Before we dive into learning how to use Amazon Sumerian as a simulator for RL, we’ll do a run through of the SageMaker RL workflow using the canonical Cart-Pole example.

You’ll learn about the following:

  • Amazon SageMaker
  • Machine learning
  • RL


Before you begin, make sure you are able to read Python script and you have some familiarity with Reinforcement Learning concepts.

Watch a recent AWS Twitch stream to learn more.

Step 1: Sign In to the AWS Management Console and Open the Amazon SageMaker Console

  1. Sign In to the AWS Management Console and Open the Amazon SageMaker Console

  2. To get started, choose Create notebook instance.

    The main workflow for Amazon SageMaker involves Jupyter Notebooks. A notebook is a webpage with embedded Python cells that execute code. It’s a nice mashup of documentation and Python interpreter. Create notebook instance begins the process of creating an Amazon EC2 instance running an environment that hosts the notebook.

  3. Name your new instance. We used “sumerianRL”.

  4. Choose your instance type. This selects the EC2 instance to run on. The default is ml.t2.medium, which is fine for this tutorial.

  5. Create an AWS Identity and Access Management (IAM) role. Amazon SageMaker will use this IAM role in your account to create resources on your behalf using the SageMakerFullAccess IAM policy. Accept the default values for this tutorial. The default values for VPC, Lifecycle configuration, Encryption key, and Volume size are all fine for this tutorial.

  6. In the Git repository section, we’ll add the sagemaker-examples repository at sagemaker-examples. Choose Clone a public Git repository to this notebook instance only from the dropdown menu. For the Git repository URL, enter the following:

  7. Choose Create notebook instance to create the instance.
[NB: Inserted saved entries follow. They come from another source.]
(* Let $R$ be a commutative ring with $1$, $\overline{Q}$ the double quiver of a finite quiver $Q$, $Q_0'\subseteq Q_0$ a nonempty subset, $\lambda_i\in R$ for $i\in Q_0'$, and $A=R\overline{Q}/(\mu-\lambda)$. For every left $A$-module $V$, the sequence of left $A$-modules $$0\to V\xrightarrow{\epsilon}\bigoplus_{i\in Q_0}\mathrm{Hom}_R(e_iA,V_i)\xrightarrow{g}\bigoplus_{a\in\overline{Q}_1}\mathrm{Hom}_R(e_{ta}A,V_{ha})\xrightarrow{m}\bigoplus_{i\in Q_0'}\mathrm{Hom}_R(e_iA,V_i)$$ is exact, where for $p_i\in e_iA$: $\epsilon(v)(p_i)=p_iv$; $g(\kappa)_a(p_{ta})=\kappa_{ha}(a\,p_{ta})-a\,\kappa_{ta}(p_{ta})$; $m(\gamma)_i(p_i)=\sum_{a\in\overline{Q}_1:\,ta=i}(-1)^{|a|}\big(\overline{a}\,\gamma_a(p_i)+\gamma_{\overline{a}}(a\,p_i)\big)$.
   Context: $Q$ is a finite quiver with vertex set $Q_0$, arrow set $Q_1$, tail and head maps $t,h:Q_1\to Q_0$. The double quiver $\overline{Q}$ has vertex set $Q_0$ and arrow set $\overline{Q}_1=Q_1\sqcup\{\overline{a}:a\in Q_1\}$ where $\overline{a}$ has $t\overline{a}=ha$, $h\overline{a}=ta$; set $\overline{\overline{a}}=a$. Define $|a|=0$ if $a\in Q_1$ and $|a|=1$ otherwise. A path is a word $a_1\cdots a_m$ of arrows with $ta_k=ha_{k+1}$; $hp=ha_1$, $tp=ta_m$; there is a trivial path $e_i$ with $he_i=te_i=i$ for each vertex. The path algebra $R\overline{Q}$ is the free $R$-module on paths with product $p\cdot q=pq$ (concatenation) if $tp=hq$ and $0$ otherwise, $pe_{tp}=p=e_{hp}p$. $(\mu-\lambda)$ denotes the two-sided ideal generated by the single element $\sum_{i\in Q_0'}\big(\sum_{a\in\overline{Q}_1:ha=i}(-1)^{|a|}a\overline{a}-\lambda_ie_i\big)$, and $A=R\overline{Q}/(\mu-\lambda)$. For an $A$-module $V$, $V_i:=e_iV$. The right $A$-module $e_iA$ makes $\mathrm{Hom}_R(e_iA,V_j)$ a left $A$-module via $(x\cdot\kappa)(p)=\kappa(px)$. *)

theory Defs
  imports Main
begin
(* Let $n,m\ge 1$ and let $u_1,\ldots,u_r$ be left normed commutators $u_j=[t_1,t_2,t_{j_3},\ldots,t_{j_k}]$ ($j_s\in\{1,2\}$) with $\deg_{t_1}u_j=n$ and $\deg_{t_2}u_j=m$ for all $j$. Let $\alpha_1,\ldots,\alpha_r\in K[X]$ and suppose $f(C_1,C_2)=\sum_j\alpha_ju_j(C_1,C_2)\in F$. Then the following are equivalent: (1) $f(C_1,C_2)$ is strongly central in $F$; (2) $f(C_1,C_2)$ is central in $F$; (3) $\alpha_1+\cdots+\alpha_r=0$ in $K[X;Y]$.
   Context: $K$ is an infinite field of characteristic different from 2. Let $X=\{x_1,x_2,x_1',x_2'\}$ and $Y=\{y_1,y_2,y_1',y_2'\}$, and let $K[X;Y]\cong K[X]\otimes_K E(Y)$ be the free supercommutative algebra: the $x$'s are even commuting variables, the $y$'s are odd pairwise anticommuting variables, and $E(Y)$ is the Grassmann algebra on the vector space with basis $Y$; $K[X]$ is the polynomial subalgebra, whose elements act on matrices as scalars. Put $C_1=\begin{pmatrix} x_1&y_1\\ y_1'&x_1'\end{pmatrix}$, $C_2=\begin{pmatrix} x_2&y_2\\ y_2'&x_2'\end{pmatrix}$, and let $F=K[C_1,C_2]$ be the unital $K$-subalgebra of $M_2(K[X;Y])$ generated by $C_1,C_2$. Commutators are $[a,b]=ab-ba$, left normed: $[a_1,\ldots,a_k]=[[a_1,\ldots,a_{k-1}],a_k]$; $t_1,t_2$ are free noncommuting variables. An element $a\in F$ is strongly central if $a$ is central in $F$ and $ab$ is central in $F$ for every $b\in F$. *)

theory Defs
  imports "HOL-Computational_Algebra.Polynomial"
begin

text \<open>K[X] = K[x1,x2,x1',x2'] as nested univariate polynomials:
  x1 is the outermost variable, then x2, x1', x2'.\<close>
type_synonym 'k kx = "'k poly poly poly poly"

definition vx1 :: "'k::field kx" where "vx1 = monom 1 1"
definition vx2 :: "'k::field kx" where "vx2 = [:monom 1 1:]"
definition vx1' :: "'k::field kx" where "vx1' = [:[:monom 1 1:]:]"
definition vx2' :: "'k::field kx" where "vx2' = [:[:[:monom 1 1:]:]:]"

definition constK :: "'k::field \<Rightarrow> 'k kx" where "constK c = [:[:[:[:c:]:]:]:]"

text \<open>K[X;Y] = K[X] \<otimes> E(Y): an element is the family of coefficients (in K[X]) of the
  Grassmann monomials y_S, S a set of odd-variable indices (y1=0, y2=1, y1'=2, y2'=3),
  y_S being the product of the y_i, i in S, in increasing order.\<close>
type_synonym 'k sc = "nat set \<Rightarrow> 'k kx"

definition gsign :: "nat set \<Rightarrow> nat set \<Rightarrow> 'k::field kx" where
  "gsign A B = (-1) ^ card {(i, j). i \<in> A \<and> j \<in> B \<and> j < i}"

definition gmul :: "'k::field sc \<Rightarrow> 'k sc \<Rightarrow> 'k sc" where
  "gmul a b = (\<lambda>S. \<Sum>T\<in>Pow S. gsign T (S - T) * a T * b (S - T))"

definition gadd :: "'k::field sc \<Rightarrow> 'k sc \<Rightarrow> 'k sc" where
  "gadd a b = (\<lambda>S. a S + b S)"

definition gsub :: "'k::field sc \<Rightarrow> 'k sc \<Rightarrow> 'k sc" where
  "gsub a b = (\<lambda>S. a S - b S)"

definition gzero :: "'k::field sc" where "gzero = (\<lambda>S. 0)"

definition gev :: "'k::field kx \<Rightarrow> 'k sc" where
  "gev r = (\<lambda>S. if S = {} then r else 0)"

definition gone :: "'k::field sc" where "gone = gev 1"

definition gy :: "nat \<Rightarrow> 'k::field sc" where
  "gy i = (\<lambda>S. if S = {i} then 1 else 0)"

datatype 'a mat2 = M2 'a 'a 'a 'a

fun mmul :: "'k::field sc mat2 \<Rightarrow> 'k sc mat2 \<Rightarrow> 'k sc mat2" where
  "mmul (M2 a b c d) (M2 e f g h) =
     M2 (gadd (gmul a e) (gmul b g)) (gadd (gmul a f) (gmul b h))
        (gadd (gmul c e) (gmul d g)) (gadd (gmul c f) (gmul d h))"

fun madd :: "'k::field sc mat2 \<Rightarrow> 'k sc mat2 \<Rightarrow> 'k sc mat2" where
  "madd (M2 a b c d) (M2 e f g h) = M2 (gadd a e) (gadd b f) (gadd c g) (gadd d h)"

fun msub :: "'k::field sc mat2 \<Rightarrow> 'k sc mat2 \<Rightarrow> 'k sc mat2" where
  "msub (M2 a b c d) (M2 e f g h) = M2 (gsub a e) (gsub b f) (gsub c g) (gsub d h)"

fun mscal :: "'k::field sc \<Rightarrow> 'k sc mat2 \<Rightarrow> 'k sc mat2" where
  "mscal s (M2 a b c d) = M2 (gmul s a) (gmul s b) (gmul s c) (gmul s d)"

definition mzero :: "'k::field sc mat2" where "mzero = M2 gzero gzero gzero gzero"
definition mone :: "'k::field sc mat2" where "mone = M2 gone gzero gzero gone"

definition mcomm :: "'k::field sc mat2 \<Rightarrow> 'k sc mat2 \<Rightarrow> 'k sc mat2" where
  "mcomm a b = msub (mmul a b) (mmul b a)"

definition C1 :: "'k::field sc mat2" where
  "C1 = M2 (gev vx1) (gy 0) (gy 2) (gev vx1')"
definition C2 :: "'k::field sc mat2" where
  "C2 = M2 (gev vx2) (gy 1) (gy 3) (gev vx2')"

inductive_set Falg :: "'k::field sc mat2 set" where
  one: "mone \<in> Falg"
| gen1: "C1 \<in> Falg"
| gen2: "C2 \<in> Falg"
| add: "a \<in> Falg \<Longrightarrow> b \<in> Falg \<Longrightarrow> madd a b \<in> Falg"
| mul: "a \<in> Falg \<Longrightarrow> b \<in> Falg \<Longrightarrow> mmul a b \<in> Falg"
| smul: "a \<in> Falg \<Longrightarrow> mscal (gev (constK c)) a \<in> Falg"

definition central_in_F :: "'k::field sc mat2 \<Rightarrow> bool" where
  "central_in_F a \<longleftrightarrow> a \<in> Falg \<and> (\<forall>b\<in>Falg. mmul a b = mmul b a)"

definition strongly_central :: "'k::field sc mat2 \<Rightarrow> bool" where
  "strongly_central a \<longleftrightarrow> central_in_F a \<and> (\<forall>b\<in>Falg. central_in_F (mmul a b))"

definition Cgen :: "nat \<Rightarrow> 'k::field sc mat2" where
  "Cgen j = (if j = 1 then C1 else C2)"

text \<open>the left normed commutator [t1,t2,t_{j3},...,t_{jk}] evaluated at (C1,C2),
  where js = [j3,...,jk]\<close>
definition lcomm :: "nat list \<Rightarrow> 'k::field sc mat2" where
  "lcomm js = foldl (\<lambda>acc j. mcomm acc (Cgen j)) (mcomm C1 C2) js"

fun fcomb :: "nat \<Rightarrow> (nat \<Rightarrow> 'k::field kx) \<Rightarrow> (nat \<Rightarrow> nat list) \<Rightarrow> 'k sc mat2" where
  "fcomb 0 alpha js = mzero"
| "fcomb (Suc k) alpha js = madd (fcomb k alpha js) (mscal (gev (alpha k)) (lcomm (js k)))"

end

theory Submission
  imports Defs
begin

(*
  Write d_i = x_i - x_i'. The commutator [C_1, C_2] has the shape (s, a; b, s) with s even and
  a = d_1 y_2 - d_2 y_1, b = d_2 y_1' - d_1 y_2' odd, and commuting a left normed commutator of
  this shape with C_j multiplies a by -d_j and b by d_j. Hence a commutator u of multidegree
  (n, m) equals (z, +-d^w a; d^w b, z), d^w = d_1^(n-1) d_2^(m-1), where only the diagonal z
  depends on the order of the letters; two such diagonals differ by a multiple of ab. An even
  element w with w s = w a = w b = 0, such as ab, makes w I commute with F and kill [C_1, C_2],
  hence every commutator of F (commutation is a derivation): w I is strongly central.
  So f = (alpha_1 + ... + alpha_r) u + w I, and f commutes with C_1 only if
  (alpha_1 + ... + alpha_r) [u, C_1] = 0, whose upper right entry is
  +-(alpha_1 + ... + alpha_r) d_1 d^w a; as K[X] is a domain, the sum of the alpha_j vanishes.
*)

section \<open>The supercommutative algebra \<open>K[X;Y]\<close>\<close>

definition inversions :: "nat set \<Rightarrow> nat set \<Rightarrow> nat" where
  "inversions A B = card {(i, j). i \<in> A \<and> j \<in> B \<and> j < i}"
definition monomial_sym :: "nat \<Rightarrow> nat list \<Rightarrow> (nat \<Rightarrow> 'a::comm_ring_1) \<Rightarrow> 'a" where
  "monomial_sym N lam x =
     (\<Sum>\<alpha> \<in> {\<alpha>. (\<forall>i. i \<notin> {1..N} \<longrightarrow> \<alpha> i = 0) \<and>
                 mset (filter (\<lambda>k. k \<noteq> 0) (map \<alpha> [1..<Suc N])) = mset lam}.
        \<Prod>i\<in>{1..N}. x i ^ \<alpha> i)"

text \<open>Young diagram in French convention: row r (r = 0 bottom) has lambda ! r cells;
  a cell (r,c) lies in a higher row than (r',c') iff r > r'.\<close>
definition cells :: "nat list \<Rightarrow> (nat \<times> nat) set" where
  "cells nu = {(r, c). r < length nu \<and> c < nu ! r}"

definition ssyt :: "nat list \<Rightarrow> (nat \<times> nat \<Rightarrow> nat) \<Rightarrow> bool" where
  "ssyt nu T \<longleftrightarrow>
     (\<forall>p. p \<notin> cells nu \<longrightarrow> T p = 0) \<and>
     (\<forall>p\<in>cells nu. 1 \<le> T p) \<and>
     (\<forall>r c. (r, c) \<in> cells nu \<and> (r, Suc c) \<in> cells nu \<longrightarrow> T (r, c) \<le> T (r, Suc c)) \<and>
     (\<forall>r c. (r, c) \<in> cells nu \<and> (Suc r, c) \<in> cells nu \<longrightarrow> T (r, c) < T (Suc r, c))"

definition schur :: "nat \<Rightarrow> nat list \<Rightarrow> (nat \<Rightarrow> 'a::comm_ring_1) \<Rightarrow> 'a" where
  "schur N nu x =
     (\<Sum>T \<in> {T. ssyt nu T \<and> (\<forall>p\<in>cells nu. T p \<le> N)}. \<Prod>p\<in>cells nu. x (T p))"
(* In the Setting, under (SA1)–(SA3), let $\mathcal I\in\mathfrak G$, distinct $i,j\in\mathcal I$ and pairwise distinct $\alpha_1,\alpha_2,\alpha_3\in\mathcal I^{\mathtt C}$. If $Y^{ij}_{\alpha_1\alpha_2}$ and $Y^{ij}_{\alpha_1\alpha_3}$ (basis $\mathcal I$) are radical while $Y^{ij}_{\alpha_2\alpha_3}\in\mathbb F$, then $Y^{ij}_{\alpha_2\alpha_3}\in\mathbb C$, and for both $w\in\{2,3\}$ the triple $\big(h(\mathcal I)h(\mathcal I^{ij}_{\alpha_1\alpha_w}),\,h(\mathcal I^i_{\alpha_1})h(\mathcal I^j_{\alpha_w}),\,h(\mathcal I^i_{\alpha_w})h(\mathcal I^j_{\alpha_1})\big)$ contains two entries in different positions that are proportional over $\mathbb C$ but not equal.
   Context: Setting. $d\ge1$, $1\le k\le n$; $\mathbf t=(t_1,\dots,t_d)$ indeterminates; $\Lambda:=\mathbb C[t_1^{\pm1},\dots,t_d^{\pm1}]$ (a UFD whose units are exactly the elements $c\,\mathbf t^{\mathbf e}$, $c\in\mathbb C\setminus\{0\}$, $\mathbf e\in\mathbb Z^d$), $\mathbb F$ its fraction field, $\overline{\mathbb F}$ an algebraic closure. $[n]=\{1,\dots,n\}$, $\wp_k[n]$ the $k$-subsets. For $\mathcal I\in\wp_k[n]$: $\mathcal I^{\mathtt C}=[n]\setminus\mathcal I$; $\mathcal I^i_\alpha=(\mathcal I\setminus\{i\})\cup\{\alpha\}$; $\mathcal I^{ij}_{\alpha\beta}=(\mathcal I\setminus\{i,j\})\cup\{\alpha,\beta\}$. $\mathbf L$ ($k\times n$), $\mathbf R$ ($n\times k$) with entries in $\overline{\mathbb F}$; $\Delta_{\mathbf L}(\mathcal I)$, $\Delta_{\mathbf R}(\mathcal I)$ maximal minors on columns, resp. rows, $\mathcal I$; $h(\mathcal I):=\Delta_{\mathbf L}(\mathcal I)\Delta_{\mathbf R}(\mathcal I)$; $\mathfrak G:=\{\mathcal I:\Delta_{\mathbf L}(\mathcal I)\ne0\}$. (SA1) all $\Delta_{\mathbf R}(\mathcal I)\ne0$; (SA2) $h(\mathcal I)$ is a unit of $\Lambda$ for $\mathcal I\in\mathfrak G$; (SA3) $\mathbf L$ has no zero column. $Y^{ij}_{\alpha\beta}=Y(\mathcal I)^{ij}_{\alpha\beta}:=-\mathrm{sign}[(i-\alpha)(i-\beta)(j-\alpha)(j-\beta)]\frac{\Delta_{\mathbf R}(\mathcal I^i_\alpha)\Delta_{\mathbf R}(\mathcal I^j_\beta)}{\Delta_{\mathbf R}(\mathcal I^i_\beta)\Delta_{\mathbf R}(\mathcal I^j_\alpha)}$; it is radical if $h(\mathcal I)h(\mathcal I^{ij}_{\alpha\beta}),h(\mathcal I^i_\alpha)h(\mathcal I^j_\beta),h(\mathcal I^i_\beta)h(\mathcal I^j_\alpha)$ are all nonzero and $Y^{ij}_{\alpha\beta}\notin\mathbb F$. *)

theory Defs
  imports "HOL-Library.Poly_Mapping"
          "HOL-Computational_Algebra.Fraction_Field"
          "HOL-Algebra.Algebraic_Closure_Type"
          "Jordan_Normal_Form.Determinant"
          "Jordan_Normal_Form.DL_Submatrix"
begin

text \<open>Laurent polynomial ring Lambda = C[t_1^{+-1},...,t_d^{+-1}] realised as the group
  algebra of Z^d: finitely supported maps from exponent vectors ('d =>0 int) to complex,
  with convolution product. The number of variables is d = CARD('d).\<close>
type_synonym 'd laurent = "('d \<Rightarrow>\<^sub>0 int) \<Rightarrow>\<^sub>0 complex"

type_synonym 'd fbar = "'d laurent fract alg_closure"

definition embF :: "'d::{finite,linorder} laurent fract \<Rightarrow> 'd fbar" where
  "embF x = to_ac x"

definition embL :: "'d::{finite,linorder} laurent \<Rightarrow> 'd fbar" where
  "embL u = embF (Fract u 1)"

definition embC :: "complex \<Rightarrow> 'd::{finite,linorder} fbar" where
  "embC c = embL (Poly_Mapping.single 0 c)"

definition inF :: "'d::{finite,linorder} fbar \<Rightarrow> bool" where
  "inF x \<longleftrightarrow> x \<in> range embF"

definition inC :: "'d::{finite,linorder} fbar \<Rightarrow> bool" where
  "inC x \<longleftrightarrow> x \<in> range (embC :: complex \<Rightarrow> 'd fbar)"

definition is_Lunit :: "'d::{finite,linorder} fbar \<Rightarrow> bool" where
  "is_Lunit x \<longleftrightarrow> (\<exists>u :: 'd laurent. u dvd 1 \<and> x = embL u)"

text \<open>k-subsets of [n]; [n] is represented 0-based as {0..<n}.\<close>
definition ksubsets :: "nat \<Rightarrow> nat \<Rightarrow> nat set set" where
  "ksubsets k n = {I. I \<subseteq> {0..<n} \<and> card I = k}"

text \<open>Maximal minors: columns (resp. rows) I, taken in increasing order.\<close>
definition DeltaL :: "'a::comm_ring_1 mat \<Rightarrow> nat set \<Rightarrow> 'a" where
  "DeltaL L I = det (submatrix L UNIV I)"

definition DeltaR :: "'a::comm_ring_1 mat \<Rightarrow> nat set \<Rightarrow> 'a" where
  "DeltaR R I = det (submatrix R I UNIV)"

definition hfun :: "'a::comm_ring_1 mat \<Rightarrow> 'a mat \<Rightarrow> nat set \<Rightarrow> 'a" where
  "hfun L R I = DeltaL L I * DeltaR R I"

definition swap1 :: "nat set \<Rightarrow> nat \<Rightarrow> nat \<Rightarrow> nat set" where
  "swap1 I i a = insert a (I - {i})"

definition swap2 :: "nat set \<Rightarrow> nat \<Rightarrow> nat \<Rightarrow> nat \<Rightarrow> nat \<Rightarrow> nat set" where
  "swap2 I i j a b = insert a (insert b (I - {i, j}))"

definition Yval :: "'a::field mat \<Rightarrow> nat set \<Rightarrow> nat \<Rightarrow> nat \<Rightarrow> nat \<Rightarrow> nat \<Rightarrow> 'a" where
  "Yval R I i j a b =
     - of_int (sgn ((int i - int a) * (int i - int b) * (int j - int a) * (int j - int b)))
     * (DeltaR R (swap1 I i a) * DeltaR R (swap1 I j b))
       / (DeltaR R (swap1 I i b) * DeltaR R (swap1 I j a))"

definition radical :: "'d::{finite,linorder} fbar mat \<Rightarrow> 'd fbar mat \<Rightarrow> nat set
    \<Rightarrow> nat \<Rightarrow> nat \<Rightarrow> nat \<Rightarrow> nat \<Rightarrow> bool" where
  "radical L R I i j a b \<longleftrightarrow>
     hfun L R I * hfun L R (swap2 I i j a b) \<noteq> 0 \<and>
     hfun L R (swap1 I i a) * hfun L R (swap1 I j b) \<noteq> 0 \<and>
     hfun L R (swap1 I i b) * hfun L R (swap1 I j a) \<noteq> 0 \<and>
     \<not> inF (Yval R I i j a b)"

definition htriple :: "'a::comm_ring_1 mat \<Rightarrow> 'a mat \<Rightarrow> nat set
    \<Rightarrow> nat \<Rightarrow> nat \<Rightarrow> nat \<Rightarrow> nat \<Rightarrow> 'a list" where
  "htriple L R I i j a b =
     [hfun L R I * hfun L R (swap2 I i j a b),
      hfun L R (swap1 I i a) * hfun L R (swap1 I j b),
      hfun L R (swap1 I i b) * hfun L R (swap1 I j a)]"

definition propC :: "'d::{finite,linorder} fbar \<Rightarrow> 'd fbar \<Rightarrow> bool" where
  "propC x y \<longleftrightarrow> (\<exists>c::complex. c \<noteq> 0 \<and> x = embC c * y)"

end

theory Submission
  imports Defs
begin
(* Let $0\to V\to\widehat A\xrightarrow{j}A\to0$ be an abelian extension of a Com-PreLie algebra $A$ by a representation $(V,\mu,l,r)$ inducing that representation, let $s$ be a linear section of $j$, and let $(\phi,\psi)$ be the 2-cocycle $\phi(x,y)=s(x)\ast_{\widehat A}s(y)-s(x\ast y)$, $\psi(x,y)=s(x)\bullet_{\widehat A}s(y)-s(x\bullet y)$. A pair $(\beta,\alpha)\in\mathrm{Aut}(V)\times\mathrm{Aut}(A)$ is inducible if and only if $(\beta,\alpha)\in\mathcal C$ and the 2-cocycles $(\phi,\psi)^{(\beta,\alpha)}$ and $(\phi,\psi)$ are cohomologous.
   Context: All vector spaces are over a field of characteristic $0$. A Com-PreLie algebra is a triple $(A,\ast,\bullet)$ where $A$ is a vector space, $\ast$ is a commutative associative bilinear product on $A$, and $\bullet$ is a bilinear product on $A$ satisfying the left pre-Lie identity $(x\bullet y)\bullet z-x\bullet(y\bullet z)=(y\bullet x)\bullet z-y\bullet(x\bullet z)$ and the compatibility $x\bullet(y\ast z)=(x\bullet y)\ast z+y\ast(x\bullet z)$ for all $x,y,z\in A$. A homomorphism of Com-PreLie algebras is a linear map preserving both products. A representation of $A$ is a quadruple $(V,\mu,l,r)$ with $V$ a vector space and $\mu,l,r:A\to\mathrm{End}(V)$ linear maps satisfying, for all $x,y\in A$: $\mu(x\ast y)=\mu(x)\mu(y)$; $l(x\bullet y)-l(x)l(y)=l(y\bullet x)-l(y)l(x)$; $r(y)l(x)-l(x)r(y)=r(y)r(x)-r(x\bullet y)$; $l(x)\mu(y)=\mu(x\bullet y)+\mu(y)l(x)$; $r(x\ast y)=\mu(y)r(x)+\mu(x)r(y)$. An abelian extension of $A$ by $V$ is a Com-PreLie algebra $(\widehat A,\ast_{\widehat A},\bullet_{\widehat A})$ with a short exact sequence $0\to V\xrightarrow{i}\widehat A\xrightarrow{j}A\to0$ of Com-PreLie algebra homomorphisms, $V$ carrying the zero products; $V$ is identified with $i(V)=\ker j$. It induces the given representation if for any linear section $s$ of $j$ ($j\circ s=\mathrm{id}_A$): $\mu(x)u=s(x)\ast_{\widehat A}u$, $l(x)u=s(x)\bullet_{\widehat A}u$, $r(x)u=u\bullet_{\widehat A}s(x)$. Two pairs $(\phi,\psi),(\phi',\psi')$ of bilinear maps $A\times A\to V$ are cohomologous if there is a linear $f:A\to V$ with $\phi(x,y)-\phi'(x,y)=\mu(x)f(y)-f(x\ast y)+\mu(y)f(x)$ and $\psi(x,y)-\psi'(x,y)=l(x)f(y)-f(x\bullet y)+r(y)f(x)$ for all $x,y\in A$. $\mathrm{Aut}(A)$ is the group of Com-PreLie algebra automorphisms of $A$; $\mathrm{Aut}(V)$ is the group of linear automorphisms of $V$; $\mathrm{Aut}_V(\widehat A)$ is the group of Com-PreLie algebra automorphisms $\gamma$ of $\widehat A$ with $\gamma(V)=V$. For $\gamma\in\mathrm{Aut}_V(\widehat A)$ put $\overline\gamma=j\gamma s\in\mathrm{Aut}(A)$ and $\tau(\gamma)=(\gamma|_V,\overline\gamma)$. A pair $(\beta,\alpha)\in\mathrm{Aut}(V)\times\mathrm{Aut}(A)$ is inducible if $(\beta,\alpha)=\tau(\gamma)$ for some $\gamma\in\mathrm{Aut}_V(\widehat A)$. $\mathcal C$ is the set of pairs $(\beta,\alpha)\in\mathrm{Aut}(V)\times\mathrm{Aut}(A)$ with $\beta(\mu(x)u)=\mu(\alpha(x))\beta(u)$, $\beta(l(x)u)=l(\alpha(x))\beta(u)$, $\beta(r(x)u)=r(\alpha(x))\beta(u)$ for all $x\in A,u\in V$. For such a pair, $(\phi,\psi)^{(\beta,\alpha)}$ is the pair $(x,y)\mapsto\big(\beta\phi(\alpha^{-1}x,\alpha^{-1}y),\ \beta\psi(\alpha^{-1}x,\alpha^{-1}y)\big)$. *)

theory Defs
  imports Complex_Main
begin

text \<open>Vector spaces over a field 'k of characteristic 0 are modelled as types of class
ab_group_add together with a scalar multiplication satisfying the vector_space locale.\<close>

definition bilinear_map ::
  "('k::field \<Rightarrow> 'a::ab_group_add \<Rightarrow> 'a) \<Rightarrow> ('k \<Rightarrow> 'b::ab_group_add \<Rightarrow> 'b)
   \<Rightarrow> ('a \<Rightarrow> 'a \<Rightarrow> 'b) \<Rightarrow> bool" where
  "bilinear_map sA sB f \<longleftrightarrow>
     (\<forall>x. Vector_Spaces.linear sA sB (f x)) \<and> (\<forall>y. Vector_Spaces.linear sA sB (\<lambda>x. f x y))"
Note: This creates resources in your AWS account. Depending on your usage, you might exceed the free tier and you could be billed for resources specified for this exercise tutorial.

Step 2: Use the Notebook Instance

Amazon SageMaker takes a few moments to generate the resources for your instance. The Notebook instance page on the Amazon SageMaker console shows a list of notebooks you’ve created. Wait for Status to change from Pending to InService. You can use this page to manage your notebook. Typically, we start the instance when we are actively using it, then stop it when finished.

  1. When the Status is InService, choose Open Jupyter to start using your notebook instance. You should see a webpage that looks like this.

    alt text

  2. The starting point of your notebook instance is an interface for browsing the files on your instance. The example we’ll use is in the reinforcement_learning folder. Select the reinforcement_learning link.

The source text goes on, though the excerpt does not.